Eric Burdon & The Animals "Every One Of Us" -1968-
Vielleicht die eigenwilligste Einspielung aus dem Zeitfenster 67/ 68, weil hier weniger der Psych und bluesige Elemente im Vordergrund stehen. Stattdessen wird ein Mix unterschiedlichster Stilarten mit eingewobenen Sprechpassagen geboten. Letztlich ist es ein Album, dass einem nicht beim ersten Hören erschließt und die Musikstücke gleich anspringen.
Re: Februar 2026
Verfasst: Di 17. Feb 2026, 23:13
von Louder Than Hell
Blackwater Park "Dirt Box" -1972-
Krautrock aus Berlin, der sich auf dem Bereich des Hardrocks auf die Pirsch begeben hat. Und den internationalen Vergleich brauchen sie auch nicht zu scheuen, denn sie haben nach meinem Geschmack einen guten Job gemacht ...... Das Originalalbum hat allerdings mittlerweile einen vierstelligen Wert.
Re: Februar 2026
Verfasst: Di 17. Feb 2026, 23:49
von Louder Than Hell
badger hat geschrieben: ↑Di 17. Feb 2026, 18:34
Growing Condern - s/t (Mainstream 1968)
Eine dieser für Mainstream Records typischen Eintags-Fliegen mit einer nicht sensationellen, aber doch überdurchschnittlich guten und
hörenswerten Scheibe, die gerne zu mehr hätte führen dürfen.

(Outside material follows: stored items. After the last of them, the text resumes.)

text \<open>With \<open>\<theta> = \<bar>d\<^sub>k\<bar> / a\<^sub>k\<^sup>\<alpha> \<in> [0, 1]\<close> and \<open>P = a\<^sub>k\<^sup>\<alpha>\<^sup>-\<^sup>1\<close>, the defect equals
  \<open>(1 - \<theta>) C (h\<^sup>\<alpha> - h) + h ((1 - \<theta>)(C - E - \<bar>c\<^sub>k\<bar>) + \<theta> (E (P - 1) - \<bar>c\<^sub>k\<bar>))\<close>,
  a sum of nonnegative terms.\<close>
lemma modulus_contracts:
  assumes k: "1 \<le> k" "k \<le> n" and C: "E + \<bar>c k\<bar> \<le> C" and h: "0 \<le> h" "h \<le> a k"
  shows "\<bar>d k\<bar> * modulus C (h / a k) + \<bar>c k\<bar> * h \<le> modulus C h"
proof -
  have ak: "0 < a k" "a k < 1" using a_pos a_lt_1 k by auto
  define A where "A = a k powr \<alpha>"
  define P where "P = a k powr (\<alpha> - 1)"
  define \<theta> where "\<theta> = \<bar>d k\<bar> / A"
  have A: "0 < A" "P = A / a k" using ak by (simp_all add: A_def P_def powr_diff)
  have \<theta>: "0 \<le> \<theta>" "\<theta> \<le> 1" "\<bar>d k\<bar> = \<theta> * A"
    using A d_le_a_powr k by (simp_all add: \<theta>_def A_def)
  have "h \<le> h powr \<alpha>" using powr_mono'[of \<alpha> 1 h] alpha_lt_1 h ak by simp
  then have "0 \<le> (1 - \<theta>) * C * (h powr \<alpha> - h)"
    using \<theta> C E_nonneg by simp
  moreover have "0 \<le> h * ((1 - \<theta>) * (C - E - \<bar>c k\<bar>) + \<theta> * (E * (P - 1) - \<bar>c k\<bar>))"
    using h \<theta> C abs_c_le_E[OF k] by (simp add: P_def)
  moreover have "\<bar>d k\<bar> * modulus C (h / a k) = \<theta> * C * h powr \<alpha> - \<theta> * E * P * h"
    using h ak A \<theta>(3) by (simp add: modulus_def A_def powr_divide field_simps)
  then have "modulus C h - (\<bar>d k\<bar> * modulus C (h / a k) + \<bar>c k\<bar> * h)
      = (1 - \<theta>) * C * (h powr \<alpha> - h) + h * ((1 - \<theta>) * (C - E - \<bar>c k\<bar>) + \<theta> * (E * (P - 1) - \<bar>c k\<bar>))"
    by (simp add: modulus_def algebra_simps)
  ultimately show ?thesis by linarith
qed

lemma modulus_scale_piece:
  assumes k: "1 \<le> k" "k \<le> n" and C: "E + \<bar>c k\<bar> \<le> C"
    and xy: "ss_alpha a k \<le> x" "x \<le> y" "y \<le> ss_alpha a (Suc k)" and e: "0 \<le> e"
    and hyp: "\<bar>f (ss_S_inv a k x) - f (ss_S_inv a k y)\<bar>
      \<le> modulus C (ss_S_inv a k y - ss_S_inv a k x) + e"
  shows "\<bar>f x - f y\<bar> \<le> modulus C (y - x) + D * e"
proof -
  define u where "u = ss_S_inv a k x"
  define v where "v = ss_S_inv a k y"
  have ak: "0 < a k" using a_pos k by simp
  have uv: "u \<in> {0..1}" "v \<in> {0..1}" "v - u = (y - x) / a k"
    using ss_S_inv_mem_unit[OF k] xy by (auto simp: u_def v_def ss_S_inv_def diff_divide_distrib)
  have xy_S: "x = ss_S a k u" "y = ss_S a k v"
    using ak by (simp_all add: u_def v_def ss_S_ss_S_inv)
  have h: "0 \<le> y - x" "y - x \<le> a k"
    using xy ss_alpha_Suc[of k] k by simp_all
  have "f y - f x = d k * (f v - f u) + c k * (y - x)"
    using f_ss_S_diff[OF k uv(1,2)] xy_S by simp
  then have "\<bar>f x - f y\<bar> = \<bar>d k * (f v - f u) + c k * (y - x)\<bar>"
    by (simp add: abs_minus_commute)
  also have "\<dots> \<le> \<bar>d k\<bar> * \<bar>f u - f v\<bar> + \<bar>c k\<bar> * (y - x)"
    using abs_triangle_ineq[of "d k * (f v - f u)" "c k * (y - x)"] h
    by (simp add: abs_mult abs_minus_commute)
  also have "\<dots> \<le> \<bar>d k\<bar> * (modulus C ((y - x) / a k) + e) + \<bar>c k\<bar> * (y - x)"
    using hyp uv by (simp add: u_def v_def mult_left_mono)
  also have "\<dots> = (\<bar>d k\<bar> * modulus C ((y - x) / a k) + \<bar>c k\<bar> * (y - x)) + \<bar>d k\<bar> * e"
    by (simp add: algebra_simps)
  also have "\<dots> \<le> modulus C (y - x) + D * e"
    using modulus_contracts[OF k C h] d_le_D k e by (intro add_mono mult_right_mono) auto
  finally show ?thesis .
qed

lemma osc_le_modulus_plus_B:
  assumes "E \<le> C" "0 \<le> x" "x \<le> y" "y \<le> 1"
  shows "\<bar>f x - f y\<bar> \<le> modulus C (y - x) + B"
  using osc_le assms modulus_nonneg[of C "y - x"] by (smt (verit) atLeastAtMost_iff)

lemma osc_le_modulus_far:
  assumes "min_const \<le> C" "0 \<le> x" "m \<le> y - x" "y \<le> 1"
  shows "\<bar>f x - f y\<bar> \<le> modulus C (y - x)"
proof -
  have "\<bar>f x - f y\<bar> \<le> B" using osc_le assms m_pos by auto
  also have "B \<le> modulus C (y - x)" using modulus_ge_B assms by simp
  finally show ?thesis .
qed

lemma modulus_estimate_endpoint_step:
  assumes C: "min_const \<le> C" and e: "0 \<le> e"
    and hyp: "\<And>u v. 0 \<le> u \<Longrightarrow> u \<le> v \<Longrightarrow> v \<le> 1 \<Longrightarrow> u = 0 \<or> v = 1 \<Longrightarrow>
      \<bar>f u - f v\<bar> \<le> modulus C (v - u) + e"
    and xy: "0 \<le> x" "x \<le> y" "y \<le> 1" "x = 0 \<or> y = 1"
  shows "\<bar>f x - f y\<bar> \<le> modulus C (y - x) + D * e"
proof (cases "m \<le> y - x")
  case True
  then show ?thesis
    using osc_le_modulus_far[OF C xy(1) True xy(3)] mult_nonneg_nonneg[OF D_nonneg e] by linarith
next
  case False
  have "m \<le> a 1" "m \<le> a n" "ss_alpha a n = 1 - a n"
    using m_le_a n_ge_2 ss_alpha_Suc[of n a] ss_alpha_last by auto
  then consider "x = 0" "y \<le> a 1" | "y = 1" "ss_alpha a n \<le> x"
    using xy False by fastforce
  then show ?thesis
  proof cases
    case 1
    have "ss_S_inv a 1 y \<le> 1" "0 \<le> ss_S_inv a 1 y"
      using 1 xy a_pos[of 1] n_ge_2 by (simp_all add: ss_S_inv_def)
    then have "\<bar>f (ss_S_inv a 1 x) - f (ss_S_inv a 1 y)\<bar>
        \<le> modulus C (ss_S_inv a 1 y - ss_S_inv a 1 x) + e"
      using hyp[of 0 "ss_S_inv a 1 y"] 1 by (simp add: ss_S_inv_def)
    then show ?thesis
      using 1 xy n_ge_2 e C E_plus_abs_c_le_min_const[of 1]
      by (intro modulus_scale_piece[where k = 1]) (simp_all add: ss_alpha_Suc)
  next
    case 2
    have "ss_S_inv a n y = 1" "0 \<le> ss_S_inv a n x" "ss_S_inv a n x \<le> 1"
      using 2 xy \<open>ss_alpha a n = 1 - a n\<close> a_pos[of n] n_ge_2 by (simp_all add: ss_S_inv_def)
    then have "\<bar>f (ss_S_inv a n x) - f (ss_S_inv a n y)\<bar>
        \<le> modulus C (ss_S_inv a n y - ss_S_inv a n x) + e"
      using hyp[of "ss_S_inv a n x" 1] by simp
    then show ?thesis
      using 2 xy n_ge_2 e C E_plus_abs_c_le_min_const[of n] ss_alpha_last
      by (intro modulus_scale_piece[where k = n]) simp_all
  qed
qed

lemma modulus_estimate_endpoint:
  assumes C: "min_const \<le> C" and xy: "0 \<le> x" "x \<le> y" "y \<le> 1" "x = 0 \<or> y = 1"
  shows "\<bar>f x - f y\<bar> \<le> modulus C (y - x)"
proof -
  let ?T = "{p. 0 \<le> fst p \<and> fst p \<le> snd p \<and> snd p \<le> 1 \<and> (fst p = 0 \<or> snd p = 1)}"
  have "E \<le> C" using C E_le_min_const by simp
  have "(\<lambda>p. \<bar>f (fst p) - f (snd p)\<bar>) (x, y) \<le> (\<lambda>p. modulus C (snd p - fst p)) (x, y)"
  proof (rule contracting_error_vanishes[of D B ?T, OF D_nonneg D_lt_1 B_nonneg])
    fix p :: "real \<times> real" assume "p \<in> ?T"
    then show "\<bar>f (fst p) - f (snd p)\<bar> \<le> modulus C (snd p - fst p) + B"
      using osc_le_modulus_plus_B[OF \<open>E \<le> C\<close>] by simp
  next
    fix e :: real and p :: "real \<times> real"
    assume e: "0 \<le> e" and p: "p \<in> ?T"
      and hyp: "\<And>q. q \<in> ?T \<Longrightarrow> \<bar>f (fst q) - f (snd q)\<bar> \<le> modulus C (snd q - fst q) + e"
    have "\<bar>f u - f v\<bar> \<le> modulus C (v - u) + e"
      if "0 \<le> u" "u \<le> v" "v \<le> 1" "u = 0 \<or> v = 1" for u v
      using hyp[of "(u, v)"] that by simp
    from modulus_estimate_endpoint_step[OF C e this] p
    show "\<bar>f (fst p) - f (snd p)\<bar> \<le> modulus C (snd p - fst p) + D * e" by simp
  qed (use xy in simp)
  then show ?thesis by simp
qed

lemma modulus_le_of_le: "0 \<le> C \<Longrightarrow> 0 \<le> h \<Longrightarrow> h \<le> l \<Longrightarrow> modulus C h \<le> C * l powr \<alpha>"
  using modulus_le[of h C] powr_mono2[of \<alpha> h l] alpha_pos mult_left_mono by fastforce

Wird gerne als psychedelisch verkauft, ist aber eher unter den L.A.-Harmony Gruppen anzusiedeln (obwohl die Band aus Illinois stammte),
wobei allerdings kräftige Gitarren- und Orgeltöne den Spaß noch verstärken. Mit Sängerin, also nicht unähnlich zu Yankee Dollar, Neighb'rhood Childr'n
und Konsorten.
Bands aus diesem Genre gab es etliche, die mit einer Frontfrau/ Sängerin voranschritten und einige konnten mit diesem scheinbaren Aushängeschild auch über Gebühr punkten. Aber letztlich stand immer der musikalische Output im Mittelpunkt und ordneten sich diese Harmonybands irgendwie im Gefüge unter. Yankee Dollar, Neighb'rhood Childr'n oder auch Growing Concern stachen hier schon heraus und haben bei den Fans schon ihre nachhaltigen Spuren hinterlassen.
Hach, auch schon wieder 20 Jahre alt......time flies!!
Unglaublich, oder?
Für mich ist das Album ein echtes Statement gewesen. Diese kompromisslose Retro-Ausrichtung, Hammond, Mellotron, lange Tracks – und trotzdem kein müder Abklatsch, sondern voller Energie.
Gerade „By the Banks“ zeigt, wie ernst es Wobbler damals schon meinten.
Was mich beeindruckt: Das Debüt war kein vorsichtiges Antesten, sondern direkt ein Brett. Mutig, komplex, eigenständig.